Burger King chairman leaves to run an airline

Dasburg is named CEO of DHL, a cargo carrier

March 19, 2003|By KNIGHT RIDDER/TRIBUNE

Burger King Chairman John Dasburg is giving up fast food and going back to airlines.

DHL Airways announced yesterday the appointment of Dasburg as chairman and chief executive of the cargo airline, whose main customers are DHL Worldwide Express Network and the U.S. military.

"Every once in a while something falls into your lap that fits 100 percent," Dasburg said. "This is as close as that gets."

Dasburg, 60, will take the helm of the privately held Chicago company April 1 and is resigning immediately as chairman of Burger King. That position had been largely an honorary title and did not include a seat on Burger King's board of directors. Dasburg's primary role was as an adviser.

Since January, when Brad Blum became chief executive, Dasburg has been removed from the daily operation of the fast-food chain. Dasburg, who took over as chairman, chief executive and president of Burger King in April 2001, said it was time for him to move on after completion of the December sale of Burger King to a consortium led by Texas Pacific Group.

Before joining Burger King, Dasburg spent more than a decade as president and chief executive of Northwest Airlines. He's credited with turning around the fourth-largest airline, taking it from the verge of bankruptcy to become one of the most successful airlines in the industry.

DHL is a much smaller business than Northwest, with a fleet of 40 planes and annual revenues of $300 million, but that was what appealed to Dasburg.

The job will allow him to continue living in South Florida and commute to Chicago as needed.

"This is the size business that I can really get my arms around," Dasburg said. "It's a growth business, and I find that exciting. From a strategic standpoint, I think the need for supplemental freight carriage is going to grow significantly over the next five to seven years."

DHL Airways operates its fleet from a hub at Cincinnati/Northern Kentucky International Airport. The airline, which has 1,000 employees, contracts with DHL Worldwide Express network to provide its U.S. cargo and charter services.

DHL Airways also has an operation in Ramstein, Germany, which provides supplies for U.S. Air Force personnel.
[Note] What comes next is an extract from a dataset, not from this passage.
(* Let $\mathbb{X}$ be a Cartesian $k$-differential abstract Kleisli category with differential combinator $\mathsf{D}$ and abstract Kleisli structure $(\mathsf{S},\epsilon,\vartheta)$. Then the monad $\mathbb{S}=(\mathsf{S},\delta,\vartheta)$ on $\vartheta\text{-}\mathsf{nat}[\mathbb{X}]$, where $\delta_A=\mathsf{S}(\epsilon_A)$, is a Cartesian $k$-differential monad on the Cartesian $k$-differential category $\vartheta\text{-}\mathsf{nat}[\mathbb{X}]$ (with structure inherited from $\mathbb{X}$). Furthermore, the isomorphism of categories $\mathsf{G}_\vartheta:\mathbb{X}\to\mathsf{KL}(\mathbb{S})$, identity on objects and given on $f:A\to B$ by $\llbracket\mathsf{G}_\vartheta(f)\rrbracket=\mathsf{S}(f)\circ\vartheta_A$ (with inverse $\mathsf{G}^{-1}_\vartheta(\llbracket f\rrbracket)=\epsilon_B\circ\llbracket f\rrbracket$), is a strict Cartesian $k$-differential functor, as is its inverse, where $\mathsf{KL}(\mathbb{S})$ carries the Cartesian $k$-differential structure lifted from $\vartheta\text{-}\mathsf{nat}[\mathbb{X}]$ (products of objects as in the base, $\llbracket\pi_j\rrbracket=\vartheta_{A_j}\circ\pi_j$, $\llbracket\langle f_1,\dots,f_n\rangle\rrbracket=\omega^{-1}\circ\langle\llbracket f_1\rrbracket,\dots,\llbracket f_n\rrbracket\rangle$, $k$-module structure inherited, and $\llbracket\mathsf{D}_\mathbb{S}[f]\rrbracket=\mathsf{D}[\llbracket f\rrbracket]$). Hence $\mathbb{X}\cong\mathsf{KL}(\mathbb{S})$ as Cartesian $k$-differential categories.
   Context: Fix a commutative semiring $k$. A left $k$-linear category is a category $\mathbb{X}$ in which each hom-set $\mathbb{X}(A,B)$ is a $k$-module (scalar multiplication $r\cdot f$, addition $+$, zero $0$) such that precomposition is $k$-linear: $(r\cdot f+s\cdot g)\circ x=r\cdot(f\circ x)+s\cdot(g\circ x)$. A map $f$ is $k$-linear if $f\circ(r\cdot x+s\cdot y)=r\cdot(f\circ x)+s\cdot(f\circ y)$ for all suitable $x,y$ and $r,s\in k$. A Cartesian left $k$-linear category is a left $k$-linear category with finite products (terminal object $\ast$, projections $\pi_j:A_1\times\cdots\times A_n\to A_j$, pairing $\langle-,\dots,-\rangle$) in which all projections are $k$-linear. A Cartesian $k$-differential category is a Cartesian left $k$-linear category equipped with a differential combinator $\mathsf{D}$ assigning to each $f:A\to B$ a map $\mathsf{D}[f]:A\times A\to B$ such that: [CD.1] $\mathsf{D}[r\cdot f+s\cdot g]=r\cdot\mathsf{D}[f]+s\cdot\mathsf{D}[g]$; [CD.2] $\mathsf{D}[f]\circ\langle\pi_1,r\cdot\pi_2+s\cdot\pi_3\rangle=r\cdot(\mathsf{D}[f]\circ\langle\pi_1,\pi_2\rangle)+s\cdot(\mathsf{D}[f]\circ\langle\pi_1,\pi_3\rangle)$ (as maps $A\times A\times A\to B$); [CD.3] $\mathsf{D}[1_A]=\pi_2$ and, for $\pi_j:A_1\times\cdots\times A_n\to A_j$, $\mathsf{D}[\pi_j]=\pi_{n+j}$; [CD.4] $\mathsf{D}[\langle f_1,\dots,f_n\rangle]=\langle\mathsf{D}[f_1],\dots,\mathsf{D}[f_n]\rangle$; [CD.5] $\mathsf{D}[g\circ f]=\mathsf{D}[g]\circ\langle f\circ\pi_1,\mathsf{D}[f]\rangle$; [CD.6] $\mathsf{D}[\mathsf{D}[f]]\circ\langle\pi_1,0,0,\pi_2\rangle=\mathsf{D}[f]$; [CD.7] $\mathsf{D}[\mathsf{D}[f]]\circ\langle\pi_1,\pi_2,\pi_3,\pi_4\rangle=\mathsf{D}[\mathsf{D}[f]]\circ\langle\pi_1,\pi_3,\pi_2,\pi_4\rangle$ (identifying $(A\times A)\times(A\times A)$ with $A\times A\times A\times A$). A map $f$ is $\mathsf{D}$-linear if $\mathsf{D}[f]=f\circ\pi_2$. For Cartesian left $k$-linear categories $\mathbb{X},\mathbb{Y}$, a strong Cartesian $k$-linear functor is a functor $\mathsf{F}:\mathbb{X}\to\mathbb{Y}$ such that $\mathsf{F}(\ast)\to\ast$ is an isomorphism, the canonical maps $\omega_{A_1,\dots,A_n}=\langle\mathsf{F}(\pi_1),\dots,\mathsf{F}(\pi_n)\rangle:\mathsf{F}(A_1\times\cdots\times A_n)\to\mathsf{F}(A_1)\times\cdots\times\mathsf{F}(A_n)$ are isomorphisms, and $\mathsf{F}(r\cdot f+s\cdot g)=r\cdot\mathsf{F}(f)+s\cdot\mathsf{F}(g)$. It is strict if moreover $\omega$ is the identity. For Cartesian $k$-differential categories, a strong Cartesian $k$-differential functor is a strong Cartesian $k$-linear functor with $\mathsf{D}[\mathsf{F}(f)]=\mathsf{F}(\mathsf{D}[f])\circ\omega^{-1}_{A,A}$ for all $f:A\to B$; a strict Cartesian $k$-differential functor is a strict Cartesian $k$-linear functor with $\mathsf{D}[\mathsf{F}(f)]=\mathsf{F}(\mathsf{D}[f])$. A Cartesian $k$-differential monad on a Cartesian $k$-differential category $\mathbb{X}$ is a monad $\mathbb{S}=(\mathsf{S},\mu,\eta)$ on $\mathbb{X}$ such that $\mathsf{S}$ is a strong Cartesian $k$-differential functor and every $\eta_A$ and $\mu_A$ is $\mathsf{D}$-linear. Kleisli category notation: $\mathsf{KL}(\mathbb{S})$ has the objects of the base and a map $f:A\to B$ is a base map $\llbracket f\rrbracket:A\to\mathsf{S}(B)$; identities $\llbracket 1_A\rrbracket=\eta_A$, composition $\llbracket g\circ f\rrbracket=\mu_C\circ\mathsf{S}(\llbracket g\rrbracket)\circ\llbracket f\rrbracket$. An abstract Kleisli structure on a category $\mathbb{X}$ is a triple $(\mathsf{S},\epsilon,\vartheta)$ of an endofunctor $\mathsf{S}$, a natural transformation $\epsilon_A:\mathsf{S}(A)\to A$, and a family of maps $\vartheta_A:A\to\mathsf{S}(A)$ (not necessarily natural) such that $\vartheta_{\mathsf{S}(A)}$ is natural in $A$ and $\epsilon_A\circ\vartheta_A=1_A$, $\epsilon_{\mathsf{S}(A)}\circ\mathsf{S}(\vartheta_A)=1_{\mathsf{S}(A)}$, $\vartheta_{\mathsf{S}(A)}\circ\vartheta_A=\mathsf{S}(\vartheta_A)\circ\vartheta_A$. A map $f:A\to B$ is $\vartheta$-natural if $\vartheta_B\circ f=\mathsf{S}(f)\circ\vartheta_A$; $\vartheta\text{-}\mathsf{nat}[\mathbb{X}]$ denotes the subcategory of $\vartheta$-natural maps. It is known (Führmann) that $\mathsf{S}$ restricts to an endofunctor of $\vartheta\text{-}\mathsf{nat}[\mathbb{X}]$, that $(\mathsf{S},\delta,\vartheta)$ with $\delta_A=\mathsf{S}(\epsilon_A)$ is a monad on $\vartheta\text{-}\mathsf{nat}[\mathbb{X}]$, and that $\mathsf{G}_\vartheta$ as in the claim is an isomorphism of categories. A Cartesian $k$-differential abstract Kleisli category is a Cartesian $k$-differential category $\mathbb{X}$ with an abstract Kleisli structure $(\mathsf{S},\epsilon,\vartheta)$ such that all projections are $\vartheta$-natural, $\mathsf{S}$ is a strong Cartesian $k$-differential functor, and every $\epsilon_A$ and $\vartheta_A$ is $\mathsf{D}$-linear. In this situation $\vartheta\text{-}\mathsf{nat}[\mathbb{X}]$ is a sub-Cartesian $k$-differential category of $\mathbb{X}$. *)

theory Defs
  imports Main
begin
The company has been without a chief executive since Joseph O'Gorman died in August.

"We are very fortunate that John Dasburg has decided to rejoin the airline industry," said Roy Moulton, acting chairman of the board of DHL Airways. "John has demonstrable success in managing and growing airlines profitably, the insight to manage relationships with key business partners and employees, and the vision and drive to transform our company into the leader in our sector."